Of course, widespread social media condemnation followed Slowthai’s violent NME Awards show outburst. Amidst the firestorm, he took to Twitter to apologize, tweeting later that night: “@nme please forward my award to @kathbum for she is the hero of the year. what started as a joke between us escalated to a point of shameful actions on my part. i want to unreservedly apologise, there is no excuse and I am sorry. i am not a hero. (1/2).” In his next tweet, he addressed Katherine Ryan directly: “katherine, you are a master at your craft and next time i’ll take my seat and leave the comedy to you. to any woman or man who saw a reflection of situations they’ve been in in those videos, i am sorry. i promise to do better. let’s talk here.”

But if there is anything the international audience he has garnered is aware of to this point, it’s that all endgames of his antics fall into one of two categories: consequences he can evade, and consequences he cares too little about to stop what he’s doing. Neither has gotten him to shut up just as yet.

The argument cited by many in Frampton’s comment section was that this was not something he could simply walk away from. Whereas for Frampton, it was a matter of simply apologizing and moving onward with his career, for the vast numbers of women who either had been or would be subjected to such traumas as the ones he invoked onstage, the incident and its implications were not nearly as forgettable.

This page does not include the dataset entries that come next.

text \<open>The rewriting relation >-> (tail arrow); the condition b - p + 1 > a is written
  a + p - 1 < b (equivalent over the integers), similarly for the inverse case.\<close>
inductive tl_step :: "nat \<Rightarrow> lword \<Rightarrow> lword \<Rightarrow> bool" for p where
  pos: "a + p - 1 < b \<Longrightarrow> tl_step p (u @ [((a, True), l), ((b, True), m)] @ v)
                              (u @ [((b + 1 - p, True), m), ((a, True), l)] @ v)"
| neg: "b + p - 1 < a \<Longrightarrow> tl_step p (u @ [((a, False), l), ((b, False), m)] @ v)
                              (u @ [((b, False), m), ((a + 1 - p, False), l)] @ v)"

definition NF_rel :: "nat \<Rightarrow> lword \<Rightarrow> lword \<Rightarrow> bool" where
  "NF_rel p w u \<longleftrightarrow> (\<exists>v. (sq_step p)\<^sup>*\<^sup>* w v \<and> \<not> (\<exists>v'. sq_step p v v') \<and>
                          (tl_step p)\<^sup>*\<^sup>* v u \<and> \<not> (\<exists>u'. tl_step p u u'))"

definition label :: "letter list \<Rightarrow> lword" where
  "label w = zip w [1..<Suc (length w)]"

text \<open>position (1-based) in u of the letter with label l (identity outside the labels)\<close>
definition pos_fun :: "lword \<Rightarrow> nat \<Rightarrow> nat" where
  "pos_fun u l = (if \<exists>j<length u. snd (u ! j) = l
                  then Suc (THE j. j < length u \<and> snd (u ! j) = l) else l)"

definition tau :: "nat \<Rightarrow> letter list \<Rightarrow> nat \<Rightarrow> nat" where
  "tau p w = (THE t. \<exists>u. NF_rel p (label w) u \<and> t = pos_fun u)"

definition W0_tau :: "nat \<Rightarrow> nat \<Rightarrow> nat \<Rightarrow> (nat \<Rightarrow> nat) \<Rightarrow> letter list set" where
  "W0_tau p d n t = {w \<in> W0 p d n. tau p w = t}"

definition N :: "nat \<Rightarrow> nat \<Rightarrow> nat \<Rightarrow> (nat \<Rightarrow> nat) \<Rightarrow> nat" where
  "N p d n t = card (W0_tau p d n t)"

end

theory Submission
  imports Defs
begin

text \<open>
  Let \<open>k = d/2\<close> and \<open>M = n - (p - 1)(10k + 8k\<^sup>2)\<close>. To each \<open>k\<close>-subset
  \<open>c\<^sub>0 < \<dots> < c\<^bsub>k-1\<^esub>\<close> of \<open>{0..<M}\<close> we attach a word whose letter of level \<open>r\<close> (the letter
  that is to end up \<open>r\<close> places away from the centre of the normal form, on the side dictated by
  \<open>\<tau>\<close>) has index close to \<open>anchor r = c\<^sub>r + (6r + 3)(p - 1)k\<close>. Every rewriting step moves an
  index by \<open>p - 1\<close> and only when crossing a letter of lower level, so indices never leave a
  window of radius \<open>3(p - 1)r\<close> around the anchor; since the windows of different levels are
  more than \<open>p - 1\<close> apart, every step is decided by comparing levels. Hence \<open>\<leadsto>\<close> moves the
  positive letters in front of the inverse ones, \<open>\<rightarrowtail>\<close> sorts both blocks by level, and the
  letters land at the positions prescribed by \<open>\<tau>\<close>. Small corrections to the initial indices of
  inverse letters make the two letters of each level end with the same index, so the normal
  form is \<open>x\<^bsub>f(k-1)\<^esub> \<cdots> x\<^bsub>f(0)\<^esub> x\<^bsub>f(0)\<^esub>\<^sup>-\<^sup>1 \<cdots> x\<^bsub>f(k-1)\<^esub>\<^sup>-\<^sup>1\<close> and the word evaluates
  to \<open>e\<close>. A positive letter keeps its anchor as initial index, so the word determines the
  subset, giving \<open>M choose k\<close> distinct elements of \<open>W\<^sub>0(d, n, \<tau>)\<close>.
\<close>

fun precedes :: "nat list \<Rightarrow> nat \<Rightarrow> nat \<Rightarrow> bool" where
  "precedes [] a b = False"
| "precedes (z # zs) a b = ((z = a \<and> b \<in> set zs) \<or> precedes zs a b)"

lemma precedes_append:
  "precedes (xs @ ys) a b \<longleftrightarrow> precedes xs a b \<or> precedes ys a b \<or> (a \<in> set xs \<and> b \<in> set ys)"
  by (induction xs) auto

lemma precedes_in_set: "precedes xs a b \<Longrightarrow> a \<in> set xs \<and> b \<in> set xs"
  by (induction xs) auto

lemma precedes_asym: "distinct xs \<Longrightarrow> precedes xs a b \<Longrightarrow> \<not> precedes xs b a"
  by (induction xs) (auto dest: precedes_in_set)

lemma precedes_irrefl: "distinct xs \<Longrightarrow> \<not> precedes xs a a"
  using precedes_asym by blast

lemma precedes_total: "a \<in> set xs \<Longrightarrow> b \<in> set xs \<Longrightarrow> a \<noteq> b \<Longrightarrow> precedes xs a b \<or> precedes xs b a"
  by (induction xs) auto

lemma precedes_upt: "precedes [i..<j] a b \<longleftrightarrow> i \<le> a \<and> a < b \<and> b < j"
  by (induction j) (auto simp: precedes_append)

lemma precedes_nth_iff:
  "precedes xs a b \<longleftrightarrow> (\<exists>i j. i < j \<and> j < length xs \<and> xs ! i = a \<and> xs ! j = b)"
proof (induction xs)
  case Nil
  show ?case by simp
next
  case (Cons x xs)
  show ?case
  proof
    assume "precedes (x # xs) a b"
    then consider "x = a" "b \<in> set xs" | "precedes xs a b"
      by auto
    then show "\<exists>i j. i < j \<and> j < length (x # xs) \<and> (x # xs) ! i = a \<and> (x # xs) ! j = b"
    proof cases
      case 1
      then obtain j where "j < length xs" "xs ! j = b"
        by (auto simp: in_set_conv_nth)
      with 1 show ?thesis
        by (intro exI[of _ 0] exI[of _ "Suc j"]) auto
    next
      case 2
      then obtain i j where "i < j \<and> j < length xs \<and> xs ! i = a \<and> xs ! j = b"
        using Cons.IH by auto
      then show ?thesis
        by (intro exI[of _ "Suc i"] exI[of _ "Suc j"]) auto
    qed
  next
    assume "\<exists>i j. i < j \<and> j < length (x # xs) \<and> (x # xs) ! i = a \<and> (x # xs) ! j = b"
    then obtain i j where ij: "i < j" "j < length (x # xs)" "(x # xs) ! i = a" "(x # xs) ! j = b"
      by blast
    then obtain j' where j': "j = Suc j'"
      by (cases j) auto
    show "precedes (x # xs) a b"
    proof (cases i)
      case 0
      then show ?thesis using ij j' by (auto simp: in_set_conv_nth)
    next
      case (Suc i')
      then have "precedes xs a b" using Cons.IH ij j' by auto
      then show ?thesis by simp
    qed
  qed
qed

lemma precedes_adjacent:
  assumes "distinct (u @ [l, m] @ v)" "x \<noteq> l" "x \<noteq> m"
  shows "precedes (u @ [l, m] @ v) x l \<longleftrightarrow> x \<in> set u"
    and "precedes (u @ [l, m] @ v) x m \<longleftrightarrow> x \<in> set u"
    and "precedes (u @ [l, m] @ v) l x \<longleftrightarrow> x \<in> set v"
    and "precedes (u @ [l, m] @ v) m x \<longleftrightarrow> x \<in> set v"
  using assms by (auto simp: precedes_append dest: precedes_in_set)

lemma precedes_swap_adjacent:
  assumes "distinct (u @ [a, b] @ v)"
  shows "precedes (u @ [b, a] @ v) x y \<longleftrightarrow>
           (x = b \<and> y = a) \<or> (precedes (u @ [a, b] @ v) x y \<and> \<not> (x = a \<and> y = b))"
  using assms by (auto simp: precedes_append dest: precedes_in_set)

lemma list_eq_iff_precedes:
  assumes "distinct xs" "distinct ys" "set xs = set ys" "\<And>a b. precedes xs a b \<longleftrightarrow> precedes ys a b"
  shows "xs = ys"
  using assms
proof (induction xs arbitrary: ys)
  case Nil
  then show ?case by simp
next
  case (Cons x xs)
  then obtain y ys' where ys: "ys = y # ys'"
    by (cases ys) auto
  have "x = y"
  proof (rule ccontr)
    assume "x \<noteq> y"
    then have "precedes (x # xs) y x" "precedes (x # xs) x y"
      using Cons.prems ys by auto
    then show False
      using precedes_asym Cons.prems(1) by blast
  qed
  moreover have "xs = ys'"
  proof (rule Cons.IH)
    show "distinct xs" "distinct ys'"
      using Cons.prems ys by auto
    show "set xs = set ys'"
      using Cons.prems ys \<open>x = y\<close> by (metis distinct.simps(2) list.simps(15) insert_ident)
    fix a b
    have "precedes xs a b \<longleftrightarrow> precedes (x # xs) a b \<and> a \<noteq> x"
      using Cons.prems(1) by (auto dest: precedes_in_set)
    moreover have "precedes ys' a b \<longleftrightarrow> precedes (y # ys') a b \<and> a \<noteq> y"
      using Cons.prems(2) ys by (auto dest: precedes_in_set)
    ultimately show "precedes xs a b \<longleftrightarrow> precedes ys' a b"
      using Cons.prems(4) ys \<open>x = y\<close> by auto
  qed
  ultimately show ?case using ys by simp
qed

lemma adjacent_switch_exists:
  "\<not> f x \<Longrightarrow> y \<in> set xs \<Longrightarrow> f y \<Longrightarrow> \<exists>u a b v. x # xs = u @ [a, b] @ v \<and> \<not> f a \<and> f b"
proof (induction xs arbitrary: x)
  case Nil
  then show ?case by simp
next
  case (Cons z zs)
  show ?case
  proof (cases "f z")
    case True
    then show ?thesis using Cons.prems by (intro exI[of _ "[]"]) auto
  next
    case False
    moreover have "y \<in> set zs" using Cons.prems False by auto
    ultimately obtain u a b v where "z # zs = u @ [a, b] @ v \<and> \<not> f a \<and> f b"
      using Cons.IH Cons.prems(3) by blast
    then show ?thesis by (intro exI[of _ "x # u"]) auto
  qed
qed

lemma precedes_imp_adjacent_switch:
  assumes "precedes (map g xs) b a" "\<forall>q\<in>set xs. g q = b \<longrightarrow> \<not> f q" "\<forall>q\<in>set xs. g q = a \<longrightarrow> f q"
  shows "\<exists>u x y v. xs = u @ [x, y] @ v \<and> \<not> f x \<and> f y"
proof -
  obtain i j where ij: "i < j" "j < length xs" "g (xs ! i) = b" "g (xs ! j) = a"
    using assms(1) by (auto simp: precedes_nth_iff)
  have "\<not> f (xs ! i)" "f (xs ! j)"
    using assms(2,3) ij by auto
  moreover have "xs ! j \<in> set (drop (Suc i) xs)"
    using ij by (auto simp: in_set_conv_nth intro!: exI[of _ "j - Suc i"])
  ultimately obtain u x y v where "xs ! i # drop (Suc i) xs = u @ [x, y] @ v" "\<not> f x" "f y"
    using adjacent_switch_exists by metis
  moreover have "xs = take i xs @ xs ! i # drop (Suc i) xs"
    using ij by (simp add: id_take_nth_drop)
  ultimately show ?thesis
    by (intro exI[of _ "take i xs @ u"]) (metis append.assoc)
qed

definition inverted :: "nat list \<Rightarrow> nat \<Rightarrow> nat \<Rightarrow> bool" where
  "inverted ls a b \<longleftrightarrow> (a < b \<and> precedes ls b a) \<or> (b < a \<and> precedes ls a b)"

lemma inverted_sym: "inverted ls a b \<longleftrightarrow> inverted ls b a"
  unfolding inverted_def by auto

lemma inverted_swap_adjacent:
  assumes "distinct (u @ [l, m] @ v)" "l < m"
  shows "inverted (u @ [m, l] @ v) x y \<longleftrightarrow>
           inverted (u @ [l, m] @ v) x y \<or> (x = l \<and> y = m) \<or> (x = m \<and> y = l)"
proof -
  have "precedes (u @ [l, m] @ v) l m"
    by (simp add: precedes_append)
  moreover have "\<not> precedes (u @ [l, m] @ v) m l"
    using precedes_asym[OF assms(1) calculation] .
  ultimately show ?thesis
    unfolding inverted_def precedes_swap_adjacent[OF assms(1)] using assms(2) by auto
qed

lemma not_inverted_adjacent:
  assumes "distinct (u @ [l, m] @ v)" "l < m"
  shows "\<not> inverted (u @ [l, m] @ v) l m"
  using precedes_asym[OF assms(1), of l m] assms(2) unfolding inverted_def by (auto simp: precedes_append)

lemma sum_of_bool_bounds:
  "0 \<le> (\<Sum>r<R. of_bool (Q r) :: int) \<and> (\<Sum>r<R. of_bool (Q r) :: int) \<le> int R"
proof -
  have "(\<Sum>r<R. of_bool (Q r) :: int) \<le> (\<Sum>r<R. 1)"
    by (intro sum_mono) auto
  then show ?thesis by (auto intro: sum_nonneg)
qed

lemma sum_of_bool_diff_bounds:
  "- int R \<le> (\<Sum>r<R. of_bool (Q r) - of_bool (Q' r) :: int) \<and>
   (\<Sum>r<R. of_bool (Q r) - of_bool (Q' r) :: int) \<le> int R"
proof -
  have "(\<Sum>r<R. of_bool (Q r) - of_bool (Q' r) :: int) \<le> (\<Sum>r<R. 1)"
    by (intro sum_mono) auto
  moreover have "(\<Sum>r<R. -1) \<le> (\<Sum>r<R. of_bool (Q r) - of_bool (Q' r) :: int)"
    by (intro sum_mono) auto
  ultimately show ?thesis by auto
qed

lemma sum_of_bool_add_index:
  assumes "\<And>r. r < R \<Longrightarrow> Q r \<longleftrightarrow> P r \<or> r = j" "j < R \<Longrightarrow> \<not> P j"
  shows "(\<Sum>r<(R::nat). of_bool (Q r) :: int) = (\<Sum>r<R. of_bool (P r)) + of_bool (j < R)"
proof (cases "j < R")
  case True
  have "(\<Sum>r<R. of_bool (Q r) :: int) = of_bool (Q j) + (\<Sum>r\<in>{..<R} - {j}. of_bool (Q r))"
    using True by (subst sum.remove[of "{..<R}" j]) auto
  also have "\<dots> = 1 + (\<Sum>r\<in>{..<R} - {j}. of_bool (P r))"
    using True assms(1) by (auto intro!: sum.cong)
  also have "\<dots> = (\<Sum>r<R. of_bool (P r)) + 1"
    using True assms(2) sum.remove[of "{..<R}" j "\<lambda>r. of_bool (P r) :: int"] by simp
  finally show ?thesis using True by simp
next
  case False
  then show ?thesis using assms(1) by (auto intro!: sum.cong)
qed

section \<open>The rewriting relations terminate and preserve the group element\<close>

lemma exists_normal_form_measure:
  assumes "\<And>x y. R x y \<Longrightarrow> (m :: 'a \<Rightarrow> nat) y < m x"
  shows "\<exists>y. R\<^sup>*\<^sup>* x y \<and> \<not> (\<exists>z. R y z)"
proof (induction "m x" arbitrary: x rule: less_induct)
  case less
  show ?case
  proof (cases "\<exists>z. R x z")
    case True
    then obtain z where "R x z" by blast
    with less[of z] assms obtain y where "R\<^sup>*\<^sup>* z y \<and> \<not> (\<exists>z. R y z)" by blast
    then show ?thesis using \<open>R x z\<close> by (meson converse_rtranclp_into_rtranclp)
  qed auto
qed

For Katherine Ryan, however, that night’s Twitter activity struck a far different tone: In her first tweet about the matter, she noted that he had not made her uncomfortable, going on to cite a need for more female representation in media. In her next address of the topic, she replied to a concerned follower that “he was fine. I’m the kind of woman he can say whatever he likes to!”

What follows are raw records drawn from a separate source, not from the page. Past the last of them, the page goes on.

(* $$F^{1;2;2}_{1;1;1}\left[\left.\begin{matrix}2\\ \tfrac52\end{matrix};\begin{matrix}1,1\\ 2\end{matrix};\begin{matrix}\tfrac12,\tfrac12\\ 1\end{matrix}\right|1,1\right]=3\pi\log 2.$$
   Context: $(a)_n=\Gamma(a+n)/\Gamma(a)$. The Kampé de Fériet function is $$F^{A;B;B'}_{C;D;D'}\left[\left.\begin{matrix}a_1,\dots,a_A\\ c_1,\dots,c_C\end{matrix};\begin{matrix}b_1,\dots,b_B\\ d_1,\dots,d_D\end{matrix};\begin{matrix}b'_1,\dots,b'_{B'}\\ d'_1,\dots,d'_{D'}\end{matrix}\right|x,y\right]=\sum_{m,n\ge0}\frac{\prod_i(a_i)_{m+n}\prod_i(b_i)_m\prod_i(b'_i)_n}{\prod_i(c_i)_{m+n}\prod_i(d_i)_m\prod_i(d'_i)_n}\frac{x^my^n}{m!\,n!}.$$ *)

theory Defs
  imports "HOL-Analysis.Analysis"
begin

text \<open>General term of the Kampe de Feriet double series
  F^{A;B;B'}_{C;D;D'}[as; bs; bs'; cs; ds; ds' | x, y], indexed by (m,n),
  with (a)_k written as pochhammer a k.\<close>
definition kdf_term ::
  "real list \<Rightarrow> real list \<Rightarrow> real list \<Rightarrow> real list \<Rightarrow> real list \<Rightarrow> real list
   \<Rightarrow> real \<Rightarrow> real \<Rightarrow> nat \<times> nat \<Rightarrow> real" where
  "kdf_term as cs bs ds bs' ds' x y = (\<lambda>(m, n).
     (prod_list (map (\<lambda>a. pochhammer a (m + n)) as)
      * prod_list (map (\<lambda>b. pochhammer b m) bs)
      * prod_list (map (\<lambda>b. pochhammer b n) bs'))
     / (prod_list (map (\<lambda>c. pochhammer c (m + n)) cs)
      * prod_list (map (\<lambda>d. pochhammer d m) ds)
      * prod_list (map (\<lambda>d. pochhammer d n) ds'))
     * x ^ m * y ^ n / (fact m * fact n))"

end

theory Submission
  imports Defs "HOL-Real_Asymp.Real_Asymp"
begin

text \<open>Write c n = inv_sqrt_coeff n = (1/2)_n / n! (the coefficients of (1 - t) powr (-1/2))
  and r k = poch_ratio k = (2)_k / (5/2)_k; the (m, n) term is then r (m + n) * (c n)^2 / (m + 1).
  Summing over m first telescopes and gives 3 * c n / (2n + 1) * odd_harmonic n, where
  odd_harmonic n = sum_{j<=n} 1/(2j + 1). Expanding odd_harmonic n as the telescoping series
  sum_k (1/(2k + 1) - 1/(2k + 2n + 3)) and summing the nonnegative double series over n first,
  partial fractions reduce everything to the Beta integrals sum_n c n / (2n + 2k + 1) = pi * c k / 2;
  what is left are sum_k 1/((2k + 1)(2k + 2)) = ln 2 and
  sum_k c (k + 1) / (k + 1) = integral_0^1 ((1 - t) powr (-1/2) - 1) / t dt = 2 ln 2.\<close>

lemma has_sum_Sigma_nonneg:
  fixes f :: "'a \<times> 'b \<Rightarrow> real"
  assumes "\<And>x y. 0 \<le> f (x, y)"
    and "\<And>x. ((\<lambda>y. f (x, y)) has_sum g x) UNIV"
    and "(g has_sum S) UNIV"
  shows "(f has_sum S) UNIV"
proof -
  have "f summable_on Sigma UNIV (\<lambda>_. UNIV)"
    using assms by (intro summable_on_SigmaI[where g = g]) (auto dest: has_sum_imp_summable)
  then have "(f has_sum S) (Sigma UNIV (\<lambda>_. UNIV))"
    using assms by (intro has_sum_SigmaI)
  then show ?thesis by simp
qed

lemma has_sum_Sigma_nonneg':
  fixes f :: "'a \<times> 'b \<Rightarrow> real"
  assumes "\<And>x y. 0 \<le> f (x, y)"
    and "\<And>y. ((\<lambda>x. f (x, y)) has_sum g y) UNIV"
    and "(g has_sum S) UNIV"
  shows "(f has_sum S) UNIV"
proof -
  have "((\<lambda>(y, x). f (x, y)) has_sum S) UNIV"
    using assms by (intro has_sum_Sigma_nonneg[where g = g]) auto
  then show ?thesis
    using has_sum_swap[where f = f and S = S and A = UNIV and B = UNIV] by simp
qed

lemma sums_integral_termwise_nonneg:
  fixes c I :: "nat \<Rightarrow> real" and h P :: "real \<Rightarrow> real"
  assumes c: "\<And>n. 0 \<le> c n"
    and h: "\<And>t. 0 \<le> t \<Longrightarrow> t < 1 \<Longrightarrow> 0 \<le> h t"
    and P: "\<And>t. 0 \<le> t \<Longrightarrow> t < 1 \<Longrightarrow> (\<lambda>n. c n * t ^ n) sums P t"
    and I: "\<And>n. ((\<lambda>t. h t * t ^ n) has_integral I n) {0..1}"
    and J: "((\<lambda>t. h t * P t) has_integral J) {0..1}"
  shows "(\<lambda>n. c n * I n) sums J"
proof -
  define f where "f N t = (if t < 1 then h t * (\<Sum>n<N. c n * t ^ n) else 0)" for N t
  define g where "g t = (if t < 1 then h t * P t else 0)" for t
  have f_int: "(f N has_integral (\<Sum>n<N. c n * I n)) {0..1}" for N
  proof -
    have "((\<lambda>t. \<Sum>n<N. c n * (h t * t ^ n)) has_integral (\<Sum>n<N. c n * I n)) {0..1}"
      by (intro has_integral_sum has_integral_mult_right I) auto
    then have "((\<lambda>t. h t * (\<Sum>n<N. c n * t ^ n)) has_integral (\<Sum>n<N. c n * I n)) {0..1}"
      by (simp add: sum_distrib_left mult_ac)
    then show ?thesis
      by (rule has_integral_spike_finite[where S = "{1}", rotated 2]) (auto simp: f_def)
  qed
  have g_int: "(g has_integral J) {0..1}"
    by (rule has_integral_spike_finite[where S = "{1}", OF _ _ J]) (auto simp: g_def)
  have partial_le: "(\<Sum>n<N. c n * t ^ n) \<le> P t" if "0 \<le> t" "t < 1" for N t
  proof -
    have "(\<Sum>n<N. c n * t ^ n) \<le> (\<Sum>n. c n * t ^ n)"
      using P[OF that] c that by (intro sum_le_suminf) (auto simp: sums_iff)
    then show ?thesis
      using P[OF that] by (simp add: sums_iff)
  qed
  have "g integrable_on {0..1} \<and> (\<lambda>N. integral {0..1} (f N)) \<longlonglongrightarrow> integral {0..1} g"
  proof (rule monotone_convergence_increasing)
    show "f N integrable_on {0..1}" for N
      using f_int by blast
    show "f N t \<le> f (Suc N) t" if "t \<in> {0..1}" for N t
      using that c h by (auto simp: f_def intro!: mult_left_mono)
    show "(\<lambda>N. f N t) \<longlonglongrightarrow> g t" if "t \<in> {0..1}" for t
      using that P[of t] by (auto simp: f_def g_def sums_def intro!: tendsto_mult_left)
    have "\<bar>integral {0..1} (f N)\<bar> \<le> J" for N
    proof -
      have "0 \<le> integral {0..1} (f N)"
        using f_int c h by (intro integral_nonneg) (auto simp: f_def intro!: sum_nonneg mult_nonneg_nonneg)
      moreover have "integral {0..1} (f N) \<le> J"
        unfolding integral_unique[OF f_int]
        by (rule has_integral_le[OF f_int g_int]) (auto simp: f_def g_def h partial_le intro!: mult_left_mono)
      ultimately show ?thesis by simp
    qed
    then show "bounded (range (\<lambda>N. integral {0..1} (f N)))"
      by (auto simp: bounded_iff)
  qed
  then show ?thesis
    using integral_unique[OF f_int] integral_unique[OF g_int] by (simp add: sums_def)
qed

definition inv_sqrt_coeff :: "nat \<Rightarrow> real" where
  "inv_sqrt_coeff n = pochhammer (1/2) n / fact n"

lemma inv_sqrt_coeff_0 [simp]: "inv_sqrt_coeff 0 = 1"
  by (simp add: inv_sqrt_coeff_def)

lemma inv_sqrt_coeff_nonneg: "0 \<le> inv_sqrt_coeff n"
  by (simp add: inv_sqrt_coeff_def pochhammer_nonneg)

lemma inv_sqrt_coeff_Suc: "inv_sqrt_coeff (Suc n) = inv_sqrt_coeff n * (2 * real n + 1) / (2 * real n + 2)"
  by (simp add: inv_sqrt_coeff_def pochhammer_Suc field_simps)

lemma inv_sqrt_coeff_sums:
  assumes "0 \<le> t" "t < 1"
  shows "(\<lambda>n. inv_sqrt_coeff n * t ^ n) sums (1 - t) powr (-1/2)"
proof -
  have "((-1/2) gchoose n) * (-t) ^ n = inv_sqrt_coeff n * t ^ n" for n
  proof -
    have "((-1/2) gchoose n) * (-t) ^ n = ((-1) ^ n * (-1) ^ n) * inv_sqrt_coeff n * t ^ n"
      by (simp add: gbinomial_pochhammer inv_sqrt_coeff_def power_minus[of t])
    also have "(-1::real) ^ n * (-1) ^ n = 1"
      by (simp flip: power_add)
    finally show ?thesis by simp
  qed
  moreover have "(\<lambda>n. ((-1/2) gchoose n) * (-t) ^ n) sums (1 + (-t)) powr (-1/2)"
    using assms by (intro gen_binomial_real) auto
  ultimately show ?thesis by simp
qed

Both musically and in the flesh, Slowthai seems to fit everyone underneath the same umbrella of fair game – whether it be a presenter at the NME Awards, or the reigning Queen of England. But if there is anything the international audience he has garnered is aware of up to this point, it’s that all endgames of his antics fall into one of two categories: consequences he can evade, and consequences he cares too little about to stop what he’s doing. Neither has gotten him to shut up just as yet.